Heerup’s breakthrough
His great popular breakthrough however first came with his graphics and painting. Heerup started as naturalist, but ended in a universe of symbolism entirely his own, where surfaces and contours played the leading role together with colour and its symbolic meaning. Henry Heerup became one of Denmark’s great artistic narrators of the 20th century. His stories always had their roots close by: in everyday life, love, sexuality, women, family and not least the daily cycle tour that came to be Heerup’s trademark. There were also the gnome figures, which represented one of Heerup’s favourite autobiographical roles. Heerup’s imagery is fertile, fabulous and full of life, but on a symbolic level Heerup deals with life’s great questions such as life and death. Motif and style are often childlike, naive and humoristic, but a gravity lurks behind the facade.

Heerup and exhibitions
In 1933 Henry Heerup exhibited for the first time at the Artists’ Autumn Exhibition and since in a long success ion of exhibitions, e.g. the Biennale in Venice, as guest at Linien’s exhibition, at Grønningen’s exhibition, and with the Koloristerne, exhibitions at Charlottenborg, the Artists’ Easter Exhibition in Aarhus, at Kunstforeningen Gl. Strand in Copenhagen, a number of times at Galerie Moderne and of course often internationally, e.g. the World Fair in New York and MOMA.

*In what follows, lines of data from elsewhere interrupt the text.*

(* Let $n,T\in\mathbb{N}$ and let real numbers $r_{it}$, $i\in\{1,\ldots,n\}$, $t\in\{1,\ldots,T\}$, be given. Consider the random return vector $\boldsymbol{r}=(r_1,\ldots,r_n)^{\mathsf T}$ which takes the value $(r_{1t},\ldots,r_{nt})^{\mathsf T}$ in scenario $t$, each scenario having probability $1/T$, and let $\mu_i=\frac1T\sum_{t=1}^T r_{it}$, $\boldsymbol{\mu}=(\mu_1,\ldots,\mu_n)^{\mathsf T}$. Define $\mathrm{MAD}(\boldsymbol{x})=\mathbb{E}\big[|(\boldsymbol{r}-\boldsymbol{\mu})^{\mathsf T}\boldsymbol{x}|\big]=\frac1T\sum_{t=1}^T|\sum_{i=1}^n (r_{it}-\mu_i)x_i|$ for $\boldsymbol{x}\in\mathbb{R}^n$, with convex subdifferential $\partial\mathrm{MAD}(\boldsymbol{x})$. Let $\Delta^{n-1}=\{\boldsymbol{x}\in\mathbb{R}^n: x_i\ge0\ \forall i,\ \sum_i x_i=1\}$, and call $\boldsymbol{x}\in\Delta^{n-1}$ a MAD-RP portfolio if there exist $\boldsymbol{s}\in\partial\mathrm{MAD}(\boldsymbol{x})$ and $\lambda\in\mathbb{R}$ with $x_is_i=\lambda$ for all $i$. Suppose that the only vector $\boldsymbol{x}\in\mathbb{R}^n_+$ with $\sum_{i}(r_{it}-\mu_i)x_i=0$ for every $t$ is $\boldsymbol{x}=0$, and suppose moreover that $$(r_{it}-\mu_i)(r_{jt}-\mu_j)\geq 0\quad\text{for every } t\in\{1,\ldots,T\} \text{ and } i,j\in\{1,\ldots,n\},\ i\neq j.$$ Then the unique MAD-RP portfolio is given by $$x_i=\frac{\mathbb{E}[|r_i-\mu_i|]^{-1}}{\sum_{j=1}^n\mathbb{E}[|r_j-\mu_j|]^{-1}},\qquad i\in\{1,\ldots,n\}.$$
   Context: $\mathbb{R}^n_+$ denotes the set of vectors in $\mathbb{R}^n$ with all components nonnegative; $\mathbb{E}[|r_i-\mu_i|]=\frac1T\sum_{t=1}^T|r_{it}-\mu_i|$. *)

theory Defs
  imports "HOL-Analysis.Analysis"
begin

text \<open>Scenario returns: r t i is the return of asset i in scenario t; scenarios
  range over a finite type 't (T = CARD('t)), assets over a finite type 'n (n = CARD('n)).\<close>

definition mean_ret :: "('t::finite \<Rightarrow> 'n::finite \<Rightarrow> real) \<Rightarrow> 'n \<Rightarrow> real" where
  "mean_ret r i = (\<Sum>t\<in>UNIV. r t i) / real CARD('t)"

definition MAD :: "('t::finite \<Rightarrow> 'n::finite \<Rightarrow> real) \<Rightarrow> real^'n \<Rightarrow> real" where
  "MAD r x = (\<Sum>t\<in>UNIV. \<bar>\<Sum>i\<in>UNIV. (r t i - mean_ret r i) * x $ i\<bar>) / real CARD('t)"

definition abs_dev :: "('t::finite \<Rightarrow> 'n::finite \<Rightarrow> real) \<Rightarrow> 'n \<Rightarrow> real" where
  "abs_dev r i = (\<Sum>t\<in>UNIV. \<bar>r t i - mean_ret r i\<bar>) / real CARD('t)"

definition subdiff :: "(real^'n \<Rightarrow> real) \<Rightarrow> real^'n \<Rightarrow> (real^'n) set" where
  "subdiff f x = {s. \<forall>y. f y \<ge> f x + s \<bullet> (y - x)}"

definition prob_simplex :: "(real^'n) set" where
  "prob_simplex = {x. (\<forall>i. x $ i \<ge> 0) \<and> (\<Sum>i\<in>UNIV. x $ i) = 1}"

definition MAD_RP :: "('t::finite \<Rightarrow> 'n::finite \<Rightarrow> real) \<Rightarrow> real^'n \<Rightarrow> bool" where
  "MAD_RP r x \<longleftrightarrow> x \<in> prob_simplex \<and>
     (\<exists>s \<in> subdiff (MAD r) x. \<exists>lam::real. \<forall>i. x $ i * s $ i = lam)"

end

theory Submission
  imports Defs
begin

(* Under the comonotonicity hypothesis every centred scenario row r_t - mu has a constant
   sign, so |(r_t - mu)^T x| = sum_i |r_it - mu_i| x_i for x >= 0, and MAD agrees on the
   nonnegative orthant with the linear function x |-> a^T x, a_i = E|r_i - mu_i|, while
   dominating it everywhere. Hence a is a subgradient at every x >= 0; conversely testing a
   subgradient s at x against 0 and x + e_i forces x_i s_i = x_i a_i. The risk parity
   condition thus becomes x_i a_i = lambda, and nondegeneracy makes every a_i positive. *)

lemma same_sign_if_pairwise_products_nonneg:
  fixes d :: "'a \<Rightarrow> 'b::linordered_idom"
  assumes "\<And>i j. i \<noteq> j \<Longrightarrow> d i * d j \<ge> 0"
  shows "(\<forall>i. d i \<ge> 0) \<or> (\<forall>i. d i \<le> 0)"
proof (rule ccontr)
  assume "\<not> ?thesis"
  then obtain i j where "d i < 0" "d j > 0" by (auto simp: not_le)
  moreover from this have "i \<noteq> j" by auto
  ultimately show False using assms[of i j] mult_neg_pos[of "d i" "d j"] by linarith
qed

lemma abs_sum_abs_mult_eq_abs_sum_mult:
  fixes d y :: "'a \<Rightarrow> 'b::linordered_idom"
  assumes "\<And>i j. i \<noteq> j \<Longrightarrow> d i * d j \<ge> 0"
  shows "\<bar>\<Sum>i\<in>A. \<bar>d i\<bar> * y i\<bar> = \<bar>\<Sum>i\<in>A. d i * y i\<bar>"
  using same_sign_if_pairwise_products_nonneg[OF assms]
proof
  assume "\<forall>i. d i \<ge> 0"
  then show ?thesis by (simp cong: sum.cong)
next
  assume "\<forall>i. d i \<le> 0"
  then have "(\<Sum>i\<in>A. \<bar>d i\<bar> * y i) = - (\<Sum>i\<in>A. d i * y i)"
    by (simp add: sum_negf[symmetric] abs_of_nonpos cong: sum.cong)
  then show ?thesis by simp
qed

lemma linear_minorant_in_subdiff:
  fixes f :: "real^'n \<Rightarrow> real"
  assumes "\<And>y. a \<bullet> y \<le> f y"
    and "\<And>y. \<forall>i. y $ i \<ge> 0 \<Longrightarrow> f y = a \<bullet> y"
    and "\<forall>i. x $ i \<ge> 0"
  shows "a \<in> subdiff f x"
  using assms by (auto simp: subdiff_def inner_diff_right)

lemma subdiff_contribution_eq:
  fixes f :: "real^'n \<Rightarrow> real"
  assumes exact: "\<And>y. \<forall>i. y $ i \<ge> 0 \<Longrightarrow> f y = a \<bullet> y"
    and x_nonneg: "\<forall>i. x $ i \<ge> 0"
    and s: "s \<in> subdiff f x"
  shows "x $ i * s $ i = x $ i * a $ i"
proof -
  have sub: "f x + s \<bullet> (y - x) \<le> f y" for y
    using s by (simp add: subdiff_def)
  have s_le_a: "s $ j \<le> a $ j" for j
  proof -
    have "\<forall>k. (x + axis j 1) $ k \<ge> 0"
      using x_nonneg by (simp add: axis_def)
    then show ?thesis
      using sub[of "x + axis j 1"] exact x_nonneg by (simp add: inner_add_right inner_axis)
  qed
  have "a \<bullet> x \<le> s \<bullet> x"
    using sub[of 0] exact x_nonneg by simp
  then have "(\<Sum>j\<in>UNIV. x $ j * (a $ j - s $ j)) \<le> 0"
    by (simp add: inner_vec_def algebra_simps sum_subtractf)
  moreover have nonneg: "\<And>j. 0 \<le> x $ j * (a $ j - s $ j)"
    using x_nonneg s_le_a by simp
  ultimately have "(\<Sum>j\<in>UNIV. x $ j * (a $ j - s $ j)) = 0"
    by (meson order_antisym sum_nonneg)
  then have "x $ i * (a $ i - s $ i) = 0"
    using nonneg by (simp add: sum_nonneg_eq_0_iff del: mult_eq_0_iff)
  then show ?thesis by (auto simp: algebra_simps)
qed

lemma prob_simplex_equal_contributions_iff:
  fixes a :: "real^'n"
  assumes a_pos: "\<And>i. a $ i > 0"
  shows "x \<in> prob_simplex \<and> (\<exists>lam. \<forall>i. x $ i * a $ i = lam) \<longleftrightarrow>
    x = (\<chi> i. inverse (a $ i) / (\<Sum>j\<in>UNIV. inverse (a $ j)))"
proof -
  define S where "S = (\<Sum>j\<in>UNIV. inverse (a $ j))"
  have S_pos: "S > 0"
    unfolding S_def using a_pos by (intro sum_pos) auto
  have "x = (\<chi> i. inverse (a $ i) / S)"
    if "x \<in> prob_simplex" and lam: "\<And>i. x $ i * a $ i = lam" for lam
  proof -
    have x_eq: "x $ i = lam * inverse (a $ i)" for i
      using lam[of i] a_pos[of i] by (simp add: field_simps)
    have "1 = lam * S"
      using \<open>x \<in> prob_simplex\<close> by (simp add: prob_simplex_def x_eq S_def sum_distrib_left)
    then have "lam = inverse S"
      using S_pos by (simp add: field_simps)
    then show ?thesis
      by (simp add: vec_eq_iff x_eq divide_inverse mult.commute)
  qed
  moreover have "(\<chi> i. inverse (a $ i) / S) \<in> prob_simplex"
    using a_pos S_pos
    by (simp add: prob_simplex_def S_def sum_divide_distrib[symmetric] less_imp_le)
  moreover have "(\<chi> i. inverse (a $ i) / S) $ i * a $ i = 1 / S" for i
    using a_pos[of i] by (simp add: field_simps)
  ultimately show ?thesis
    unfolding S_def[symmetric] by blast
qed

lemma risk_parity_iff_inverse_weights:
  fixes f :: "real^'n \<Rightarrow> real"
  assumes a_pos: "\<And>i. a $ i > 0"
    and minorant: "\<And>y. a \<bullet> y \<le> f y"
    and exact: "\<And>y. \<forall>i. y $ i \<ge> 0 \<Longrightarrow> f y = a \<bullet> y"
  shows "x \<in> prob_simplex \<and> (\<exists>s\<in>subdiff f x. \<exists>lam. \<forall>i. x $ i * s $ i = lam) \<longleftrightarrow>
    x = (\<chi> i. inverse (a $ i) / (\<Sum>j\<in>UNIV. inverse (a $ j)))"
proof -
  have "x \<in> prob_simplex \<and> (\<exists>s\<in>subdiff f x. \<exists>lam. \<forall>i. x $ i * s $ i = lam) \<longleftrightarrow>
      x \<in> prob_simplex \<and> (\<exists>lam. \<forall>i. x $ i * a $ i = lam)"
  proof (cases "\<forall>i. x $ i \<ge> 0")
    case True
    then show ?thesis
      using subdiff_contribution_eq[OF exact True] linear_minorant_in_subdiff[OF minorant exact True]
      by metis
  qed (auto simp: prob_simplex_def)
  also have "\<dots> \<longleftrightarrow> x = (\<chi> i. inverse (a $ i) / (\<Sum>j\<in>UNIV. inverse (a $ j)))"
    by (rule prob_simplex_equal_contributions_iff[OF a_pos])
  finally show ?thesis .
qed

lemma inner_abs_dev:
  fixes r :: "'t::finite \<Rightarrow> 'n::finite \<Rightarrow> real"
  shows "(\<chi> i. abs_dev r i) \<bullet> y =
    (\<Sum>t\<in>UNIV. \<Sum>i\<in>UNIV. \<bar>r t i - mean_ret r i\<bar> * y $ i) / real CARD('t)"
proof -
  have "(\<chi> i. abs_dev r i) \<bullet> y =
      (\<Sum>i\<in>UNIV. \<Sum>t\<in>UNIV. \<bar>r t i - mean_ret r i\<bar> * y $ i) / real CARD('t)"
    by (simp add: inner_vec_def abs_dev_def sum_divide_distrib sum_distrib_right)
  then show ?thesis
    by (simp only: sum.swap[of _ "UNIV :: 'n set"])
qed

lemma inner_abs_dev_le_MAD:
  fixes r :: "'t::finite \<Rightarrow> 'n::finite \<Rightarrow> real"
  assumes "\<And>t i j. i \<noteq> j \<Longrightarrow> (r t i - mean_ret r i) * (r t j - mean_ret r j) \<ge> 0"
  shows "(\<chi> i. abs_dev r i) \<bullet> y \<le> MAD r y"
proof -
  have "(\<Sum>i\<in>UNIV. \<bar>r t i - mean_ret r i\<bar> * y $ i) \<le>
      \<bar>\<Sum>i\<in>UNIV. \<bar>r t i - mean_ret r i\<bar> * y $ i\<bar>" for t
    by (rule abs_ge_self)
  also have "\<bar>\<Sum>i\<in>UNIV. \<bar>r t i - mean_ret r i\<bar> * y $ i\<bar> =
      \<bar>\<Sum>i\<in>UNIV. (r t i - mean_ret r i) * y $ i\<bar>" for t
    by (rule abs_sum_abs_mult_eq_abs_sum_mult[OF assms])
  finally show ?thesis
    unfolding inner_abs_dev MAD_def by (intro divide_right_mono sum_mono) auto
qed

lemma MAD_eq_inner_abs_dev:
  fixes r :: "'t::finite \<Rightarrow> 'n::finite \<Rightarrow> real"
  assumes "\<And>t i j. i \<noteq> j \<Longrightarrow> (r t i - mean_ret r i) * (r t j - mean_ret r j) \<ge> 0"
    and "\<forall>i. y $ i \<ge> 0"
  shows "MAD r y = (\<chi> i. abs_dev r i) \<bullet> y"
proof -
  have "\<bar>\<Sum>i\<in>UNIV. (r t i - mean_ret r i) * y $ i\<bar> =
      (\<Sum>i\<in>UNIV. \<bar>r t i - mean_ret r i\<bar> * y $ i)" for t
    using abs_sum_abs_mult_eq_abs_sum_mult[of "\<lambda>i. r t i - mean_ret r i" "\<lambda>i. y $ i" UNIV]
      assms
    by (simp add: sum_nonneg)
  then show ?thesis
    unfolding inner_abs_dev MAD_def by simp
qed

lemma abs_dev_pos:
  fixes r :: "'t::finite \<Rightarrow> 'n::finite \<Rightarrow> real"
  assumes "\<And>x::real^'n. \<forall>i. x $ i \<ge> 0 \<Longrightarrow>
      \<forall>t. (\<Sum>i\<in>UNIV. (r t i - mean_ret r i) * x $ i) = 0 \<Longrightarrow> x = 0"
  shows "abs_dev r i > 0"
proof -
  have "\<forall>j. axis i (1::real) $ j \<ge> 0"
    by (simp add: axis_def)
  moreover have "(\<Sum>j\<in>UNIV. (r t j - mean_ret r j) * axis i 1 $ j) = r t i - mean_ret r i" for t
    by (simp add: axis_def if_distrib cong: if_cong)
  ultimately obtain t where "r t i - mean_ret r i \<noteq> 0"
    using assms[of "axis i 1"] by force
  then have "0 < (\<Sum>t\<in>UNIV. \<bar>r t i - mean_ret r i\<bar>)"
    by (intro sum_pos2[of UNIV t]) auto
  then show ?thesis
    by (simp add: abs_dev_def)
qed

theorem proposition3:
  fixes r :: "'t::finite \<Rightarrow> 'n::finite \<Rightarrow> real"
  assumes nondeg: "\<And>x::real^'n. (\<forall>i. x $ i \<ge> 0) \<Longrightarrow>
      (\<forall>t. (\<Sum>i\<in>UNIV. (r t i - mean_ret r i) * x $ i) = 0) \<Longrightarrow> x = 0"
    and comon: "\<And>t i j. i \<noteq> j \<Longrightarrow> (r t i - mean_ret r i) * (r t j - mean_ret r j) \<ge> 0"
  shows "{x. MAD_RP r x} =
    {\<chi> i. inverse (abs_dev r i) / (\<Sum>j\<in>UNIV. inverse (abs_dev r j))}"
proof -
  have "MAD_RP r x \<longleftrightarrow> x = (\<chi> i. inverse (abs_dev r i) / (\<Sum>j\<in>UNIV. inverse (abs_dev r j)))"
    for x
    using risk_parity_iff_inverse_weights[of "\<chi> i. abs_dev r i" "MAD r" x]
      abs_dev_pos[of r, OF nondeg] inner_abs_dev_le_MAD[of r, OF comon]
      MAD_eq_inner_abs_dev[of r, OF comon]
    by (simp add: MAD_RP_def)
  then show ?thesis by auto
qed

end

Henry Heerup was a member of Corner, Høst, and Decembristerne and, as mentioned above, the CoBrA movement. Heerup was bestowed with the Order of Dannebrog, has been awarded the Eckersberg medal, the Thorvaldsens medal, Kai Nielsen’s memorial grant and Statens Livsvarige Hædersgave, and was appointed honorary member of the association, Danske Grafikere.

Heerup died, after a long life in the name of art, in 1993, and lies buried in Assistens Kirkegaard in Copenhagen.